1) Is it possible to assign a fixed cost to a technology (i.e. an absolute value $X million dollars) irrespective of capacity rather than a cost that is proportional to capacity ($X million per PJ capacity)?

2) Is there a way to set or enforce a minimum size for a certain process via user constraint?  The goal is to either have the capacity of a technology be zero or greater than or equal to a minimum size.  i.e. VAR_Cap = 0 or VAR_Cap >= MinSize

3) Is it possible to have a supply curve for a resource that starts off more expensive and decreases the more of the resource you use?
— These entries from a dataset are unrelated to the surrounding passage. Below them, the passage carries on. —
(* Let $0<\rho<\frac{\pi}{6}$, set $\theta_1=0$, $\theta_2=\frac{\pi}{2}+\rho$, $T_1=[\theta_2,\pi]$ and $T_2=[2\rho,\frac{\pi}{2}-\rho]$, and for $p>0$ define $\Delta_p(\theta)=|\cos(\theta-\theta_2)|^p+|\cos(\theta-\theta_1)|^p$. Then: (a) For all $0<p\le 2$ and all $\theta\in T_1$, $\Delta_p(\theta)\ge 1$. (b) For all $0<p\le\frac{\log 3}{\log 2}$ and all $\theta_i\in T_1$, $\theta_j\in T_2$, $\Delta_p(\theta_i)+\Delta_p(\theta_j)\ge 2$. *)

theory Defs
  imports Complex_Main
begin

definition Delta :: "real \<Rightarrow> real \<Rightarrow> real \<Rightarrow> real" where
  "Delta \<rho> p \<theta> = \<bar>cos (\<theta> - (pi/2 + \<rho>))\<bar> powr p + \<bar>cos (\<theta> - 0)\<bar> powr p"

end

theory Submission
  imports Defs "HOL-Analysis.Convex"
begin

text \<open>
  Both parts reduce to inequalities between powers of sines. On T1,
  Delta_p(theta) = sin^p A + sin^p B with A, B in [rho, pi/2] and A + B = pi/2 + rho;
  then sin^2 A + sin^2 B >= 1 + sin^2 rho, and concavity of x |-> x^(p/2) turns this
  into Delta_p(theta) >= 1 + sin^p rho.
  On T2, Delta_p(theta) = sin^p u + sin^p w with rho + u + w = pi/2. For the critical
  exponent P = log_2 3, which makes sin^P(pi/6) = 1/3, any three positive angles
  summing to pi/2 satisfy sin^P a + sin^P b + sin^P c >= 1; hence
  Delta_P >= 1 - sin^P rho on T2, and the two bounds add up to 2. As Delta_p decreases
  in p, this covers all p <= P. (The hypothesis rho < pi/6 only makes T2 nonempty.)
  The three-angle inequality uses convexity of sin^P on (0, pi/6] to merge two
  angles, which reduces it to the one-variable inequality 2 sin^P y + cos^P 2y >= 1;
  there the derivative changes sign at most once, from + to -, because the logarithm
  of the ratio of its two terms is concave.
\<close>

lemma concave_on_powr:
  assumes "0 < q" "q \<le> 1"
  shows "concave_on {0<..} (\<lambda>x::real. x powr q)"
proof (rule f''_le0_imp_concave[where f' = "\<lambda>x. q * x powr (q - 1)"
      and f'' = "\<lambda>x. q * ((q - 1) * x powr (q - 2))"])
  fix x :: real assume x: "x \<in> {0<..}"
  then show "((\<lambda>x. x powr q) has_real_derivative q * x powr (q - 1)) (at x)"
    and "((\<lambda>x. q * x powr (q - 1)) has_real_derivative q * ((q - 1) * x powr (q - 2))) (at x)"
    by (auto intro!: derivative_eq_intros simp: diff_diff_eq)
  show "q * ((q - 1) * x powr (q - 2)) \<le> 0"
    using assms x by (simp add: mult_nonneg_nonpos mult_nonpos_nonneg)
qed simp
4) If these options are not possible, then I think I can probably accomplish something with lumpy investment, but I was hoping to accomplish this without resorting to lumpy investment, which I believe can up model run time significantly. 

Any answers, suggestions, comments are greatly appreciated.  Thank you. 

I do not think any of these are possilbe with standard LP. Lumpy can, but than your marginal values are not always easy to interpret.
Hope this can be of help.
I'm still open to any other thoughts on these options, but in the meantime, I'm also trying to get discrete investments to work.  I can get the example that Amit provides on this website ( working.  However, when I try to apply to my model, I'm not entirely sure what changes need to be made. 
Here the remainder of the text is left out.